Уже третий час они мерили шагами безлюдный берег, но только и видели рваные черные тучи, убегающие от войны на восток, да волны, упрямо разбивающиеся о песок этого недавнего пляжа, где в воскресные дни еще несколько месяцев назад было тесно от беззаботной детворы и счастливых матерей. Настолько все это — и черные рваные тучи, и косматые волны — надоело, что солдат Карпов, старший наряда, не всматривался во взлохмаченную ветром воду, а лишь скользил по ней почти равнодушными глазами. И все равно он первый увидел, как вдруг, казалось из самой морокой пены, возникли три человека. Они не крались, сжимая в руках оружие. У них едва хватало сил, чтобы стоять, поддерживая, подпирая друг друга; их автоматы, про которые эти люди, похоже, вообще забыли, лишним грузом болтались на груди своих хозяев.

Поддерживая, подпирая друг друга, эти трое и пошли на берег, пошли подальше от волн, грохотавших за их спиной. Сделали шаг. Второй. Третий. Тут у самого высокого из них и подкосились ноги. Он обязательно грохнулся бы, но товарищи подхватили его и выволокли туда, куда не добирались даже самые злые волны, тут бережно и опустили на песок! А сами остались стоять рядом, бессильно уронив руки вдоль своего тела.

Жестом предупредив напарника, чтобы не вмешивался, чтобы затаился на время, солдат Карпов окликнул неизвестных:

— Эй, кто идет?

Те, услышав его голос, не схватились за оружие, не поспешили ответить, назвать себя. Они, будто враз обессилев, опустились на сырой песок рядом с товарищем, который даже не шевельнулся.

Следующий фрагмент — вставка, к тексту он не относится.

lemma prob_not_typical_pair_le:
  assumes "i \<in> R" "j \<in> R" "i \<noteq> j" and "0 < a"
  shows "prob {\<omega> \<in> space M. \<not> typical_pair C i j a \<omega>} \<le> 12 * card C / a\<^sup>2"
proof -
  define deviates where
    "deviates K = {\<omega> \<in> space M. a \<le> \<bar>row_sum_sqnorm C K \<omega> - card C * card K\<bar>}" for K
  have [measurable]: "deviates K \<in> events" for K
    unfolding deviates_def by measurable
  have deviates_le: "prob (deviates K) \<le> 2 * card C * (card K)\<^sup>2 / a\<^sup>2" if "K \<in> {{i}, {j}, {i, j}}" for K
    unfolding deviates_def using that assms by (intro prob_row_sum_sqnorm_deviation_le) auto
  have "{\<omega> \<in> space M. \<not> typical_pair C i j a \<omega>} = deviates {i} \<union> deviates {j} \<union> deviates {i, j}"
    by (auto simp: typical_pair_def deviates_def not_less)
  also have "prob \<dots> \<le> prob (deviates {i}) + prob (deviates {j}) + prob (deviates {i, j})"
    by (intro order_trans[OF measure_Un_le] add_mono measure_Un_le order_refl) auto
  also have "\<dots> \<le> 2 * card C / a\<^sup>2 + 2 * card C / a\<^sup>2 + 8 * card C / a\<^sup>2"
    using deviates_le[of "{i}"] deviates_le[of "{j}"] deviates_le[of "{i, j}"] \<open>i \<noteq> j\<close> by simp
  finally show ?thesis
    by simp
qed

lemma pred_typical_pair [measurable]: "Measurable.pred M (typical_pair C i j a)"
  by (unfold typical_pair_def ball_simps) measurable

lemma pred_pair_event [measurable]: "Measurable.pred M (pair_event C i j s)"
  unfolding pair_event_def by measurable

lemma prob_pair_event_le:
  fixes d \<rho> :: real
  assumes "i \<in> R" "j \<in> R" "i \<noteq> j" "C \<noteq> {}" "0 < d" and "0 < \<rho>" "\<rho> \<le> (\<Sum>l\<in>C. (s l)\<^sup>2)"
  shows "prob {\<omega> \<in> space M. pair_event C i j s \<omega>} \<le> (Phi ((1 + d) * card C / sqrt \<rho>))\<^sup>2 + 75 / (d\<^sup>2 * card C)"
proof -
  let ?a = "2/5 * d * card C"
  let ?rows = "{\<omega> \<in> space M. -((1 + d) * card C) \<le> (\<Sum>l\<in>C. s l * \<omega> (i, l))
      \<and> -((1 + d) * card C) \<le> (\<Sum>l\<in>C. s l * \<omega> (j, l))}"
  have "{\<omega> \<in> space M. pair_event C i j s \<omega>} \<subseteq> ?rows \<union> {\<omega> \<in> space M. \<not> typical_pair C i j ?a \<omega>}"
    using pair_event_imp_row_forms_ge[OF \<open>i \<noteq> j\<close>] by blast
  then have "prob {\<omega> \<in> space M. pair_event C i j s \<omega>} \<le> prob ?rows + prob {\<omega> \<in> space M. \<not> typical_pair C i j ?a \<omega>}"
    by (intro order_trans[OF finite_measure_mono measure_Un_le]) auto
  also have "prob ?rows \<le> (Phi ((1 + d) * card C / sqrt \<rho>))\<^sup>2"
  proof -
    have "(1 + d) * card C / sqrt (\<Sum>l\<in>C. (s l)\<^sup>2) \<le> (1 + d) * card C / sqrt \<rho>"
      using assms by (intro divide_left_mono) auto
    then show ?thesis
      using assms by (simp add: prob_row_forms_ge power_mono Phi_mono Phi_nonneg)
  qed
  also have "prob {\<omega> \<in> space M. \<not> typical_pair C i j ?a \<omega>} \<le> 12 * card C / ?a\<^sup>2"
    using assms finite_columns by (intro prob_not_typical_pair_le) (auto simp: card_gt_0_iff)
  also have "12 * card C / ?a\<^sup>2 = 75 / (d\<^sup>2 * card C)"
    using assms by (simp add: field_simps power2_eq_square)
  finally show ?thesis
    by simp
qed

lemma prob_pair_event_ge:
  fixes d \<rho> :: real
  assumes "i \<in> R" "j \<in> R" "i \<noteq> j" "C \<noteq> {}" "0 < d" "d \<le> 1"
    and "0 < (\<Sum>l\<in>C. (s l)\<^sup>2)" "(\<Sum>l\<in>C. (s l)\<^sup>2) \<le> \<rho>"
  shows "(Phi ((1 - d) * card C / sqrt \<rho>))\<^sup>2 - 75 / (d\<^sup>2 * card C) \<le> prob {\<omega> \<in> space M. pair_event C i j s \<omega>}"
proof -
  let ?a = "2/5 * d * card C"
  let ?rows = "{\<omega> \<in> space M. -((1 - d) * card C) \<le> (\<Sum>l\<in>C. s l * \<omega> (i, l))
      \<and> -((1 - d) * card C) \<le> (\<Sum>l\<in>C. s l * \<omega> (j, l))}"
  have "(Phi ((1 - d) * card C / sqrt \<rho>))\<^sup>2 \<le> prob ?rows"
  proof -
    have "(1 - d) * card C / sqrt \<rho> \<le> (1 - d) * card C / sqrt (\<Sum>l\<in>C. (s l)\<^sup>2)"
      using assms by (intro divide_left_mono) auto
    then show ?thesis
      using assms by (simp add: prob_row_forms_ge power_mono Phi_mono Phi_nonneg)
  qed
  also have "?rows \<subseteq> {\<omega> \<in> space M. pair_event C i j s \<omega>} \<union> {\<omega> \<in> space M. \<not> typical_pair C i j ?a \<omega>}"
    using row_forms_ge_imp_pair_event[OF \<open>i \<noteq> j\<close>] by blast
  then have "prob ?rows \<le> prob {\<omega> \<in> space M. pair_event C i j s \<omega>} + prob {\<omega> \<in> space M. \<not> typical_pair C i j ?a \<omega>}"
    by (intro order_trans[OF finite_measure_mono measure_Un_le]) auto
  also have "prob {\<omega> \<in> space M. \<not> typical_pair C i j ?a \<omega>} \<le> 12 * card C / ?a\<^sup>2"
    using assms finite_columns by (intro prob_not_typical_pair_le) (auto simp: card_gt_0_iff)
  also have "12 * card C / ?a\<^sup>2 = 75 / (d\<^sup>2 * card C)"
    using assms by (simp add: field_simps power2_eq_square)
  finally show ?thesis
    by simp
qed

lemma prob_pair_event_between:
  fixes d \<rho> :: real
  assumes "i \<in> R" "j \<in> R" "i \<noteq> j" "C \<noteq> {}" "0 < d" "d < 1" "0 < \<rho>"
    and "(1 - d) * \<rho> < (\<Sum>l\<in>C. (s l)\<^sup>2)" "(\<Sum>l\<in>C. (s l)\<^sup>2) < (1 + d) * \<rho>"
  shows "(Phi ((1 - d) * card C / sqrt ((1 + d) * \<rho>)))\<^sup>2 - 75 / (d\<^sup>2 * card C)
      \<le> prob {\<omega> \<in> space M. pair_event C i j s \<omega>}
    \<and> prob {\<omega> \<in> space M. pair_event C i j s \<omega>}
      \<le> (Phi ((1 + d) * card C / sqrt ((1 - d) * \<rho>)))\<^sup>2 + 75 / (d\<^sup>2 * card C)"
proof -
  have "0 < (1 - d) * \<rho>"
    using assms(6,7) by simp
  moreover from this have "0 < (\<Sum>l\<in>C. (s l)\<^sup>2)"
    using assms(8) by linarith
  ultimately show ?thesis
    using prob_pair_event_ge[OF assms(1-5) less_imp_le[OF assms(6)] _ less_imp_le[OF assms(9)]]
      prob_pair_event_le[OF assms(1-5) _ less_imp_le[OF assms(8)]]
    by blast
qed

lemma
  fixes lo up :: real
  assumes "i \<in> R" "j \<in> R" "K \<subseteq> R - {i, j}" and B: "B \<in> sets (PiM (K \<times> C) (\<lambda>_. borel))"
    and "lo \<le> 1" "0 \<le> up"
    and slice: "\<And>y. y \<in> B \<Longrightarrow>
      lo \<le> prob {\<omega> \<in> space M. pair_event C i j (\<lambda>l. \<Sum>k\<in>K. y (k, l)) \<omega>} \<and>
      prob {\<omega> \<in> space M. pair_event C i j (\<lambda>l. \<Sum>k\<in>K. y (k, l)) \<omega>} \<le> up"
  shows prob_pair_event_rest_ge:
      "lo - prob {\<omega> \<in> space M. restrict \<omega> (K \<times> C) \<notin> B}
        \<le> prob {\<omega> \<in> space M. pair_event C i j (\<lambda>l. \<Sum>k\<in>K. \<omega> (k, l)) \<omega>}"
    and prob_pair_event_rest_le:
      "prob {\<omega> \<in> space M. pair_event C i j (\<lambda>l. \<Sum>k\<in>K. \<omega> (k, l)) \<omega>}
        \<le> up + prob {\<omega> \<in> space M. restrict \<omega> (K \<times> C) \<notin> B}"
proof -
  let ?N = "\<lambda>J. PiM J (\<lambda>_. borel :: real measure)"
  define A where "A = {p \<in> space (?N (K \<times> C) \<Otimes>\<^sub>M ?N ({i, j} \<times> C)).
    pair_event C i j (\<lambda>l. \<Sum>k\<in>K. fst p (k, l)) (snd p)}"
  have A: "A \<in> sets (?N (K \<times> C) \<Otimes>\<^sub>M ?N ({i, j} \<times> C))"
    unfolding A_def pair_event_def by measurable
  have "indep_var (?N (K \<times> C)) (\<lambda>\<omega>. id (restrict \<omega> (K \<times> C))) (?N ({i, j} \<times> C)) (\<lambda>\<omega>. id (restrict \<omega> ({i, j} \<times> C)))"
    using assms(1-3) by (intro indep_var_blocks) auto
  then have indep: "indep_var (?N (K \<times> C)) (\<lambda>\<omega>. restrict \<omega> (K \<times> C)) (?N ({i, j} \<times> C)) (\<lambda>\<omega>. restrict \<omega> ({i, j} \<times> C))"
    by simp
  have restrict_rows: "pair_event C i j s (restrict \<omega> ({i, j} \<times> C)) \<longleftrightarrow> pair_event C i j s \<omega>" for s \<omega>
    by (simp add: pair_event_def cong: sum.cong)
  have restrict_rest: "pair_event C i j (\<lambda>l. \<Sum>k\<in>K. restrict \<omega> (K \<times> C) (k, l)) \<omega>
      \<longleftrightarrow> pair_event C i j (\<lambda>l. \<Sum>k\<in>K. \<omega> (k, l)) \<omega>" for \<omega>
    by (simp add: pair_event_def cong: sum.cong)
  have slice_eq: "{\<omega>' \<in> space M. (y, restrict \<omega>' ({i, j} \<times> C)) \<in> A}
      = {\<omega>' \<in> space M. pair_event C i j (\<lambda>l. \<Sum>k\<in>K. y (k, l)) \<omega>'}" if "y \<in> B" for y
    using sets.sets_into_space[OF B] that
    by (auto simp: A_def space_pair_measure space_PiM restrict_rows)
  have event_eq: "{\<omega> \<in> space M. (restrict \<omega> (K \<times> C), restrict \<omega> ({i, j} \<times> C)) \<in> A}
      = {\<omega> \<in> space M. pair_event C i j (\<lambda>l. \<Sum>k\<in>K. \<omega> (k, l)) \<omega>}"
    by (auto simp: A_def space_pair_measure space_PiM restrict_rows restrict_rest simp del: restrict_apply)
  show "lo - prob {\<omega> \<in> space M. restrict \<omega> (K \<times> C) \<notin> B}
      \<le> prob {\<omega> \<in> space M. pair_event C i j (\<lambda>l. \<Sum>k\<in>K. \<omega> (k, l)) \<omega>}"
    using prob_indep_pair_ge[OF indep A B \<open>lo \<le> 1\<close>] slice slice_eq by (simp add: event_eq)
  show "prob {\<omega> \<in> space M. pair_event C i j (\<lambda>l. \<Sum>k\<in>K. \<omega> (k, l)) \<omega>}
      \<le> up + prob {\<omega> \<in> space M. restrict \<omega> (K \<times> C) \<notin> B}"
    using prob_indep_pair_le[OF indep A B \<open>0 \<le> up\<close>] slice slice_eq by (simp add: event_eq)
qed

— Пальну? — предложил напарник, нацеливая ствол автомата на одну из косматых туч.

— Будто не видишь, что это наши? — ответил Карпов, закинул свой автомат за спину и зашагал к неизвестным. Он был уверен, что сказал правду. Действительно, за последние сутки близко к Кронштадту не было утоплено ни одного фашистского катеришки, значит, эти трое не могли быть членами его экипажа. И не гитлеровские диверсанты, нацеленные на наш тыл, эти трое. Те на берег скользнули бы змеями, у тех сил было бы предостаточно.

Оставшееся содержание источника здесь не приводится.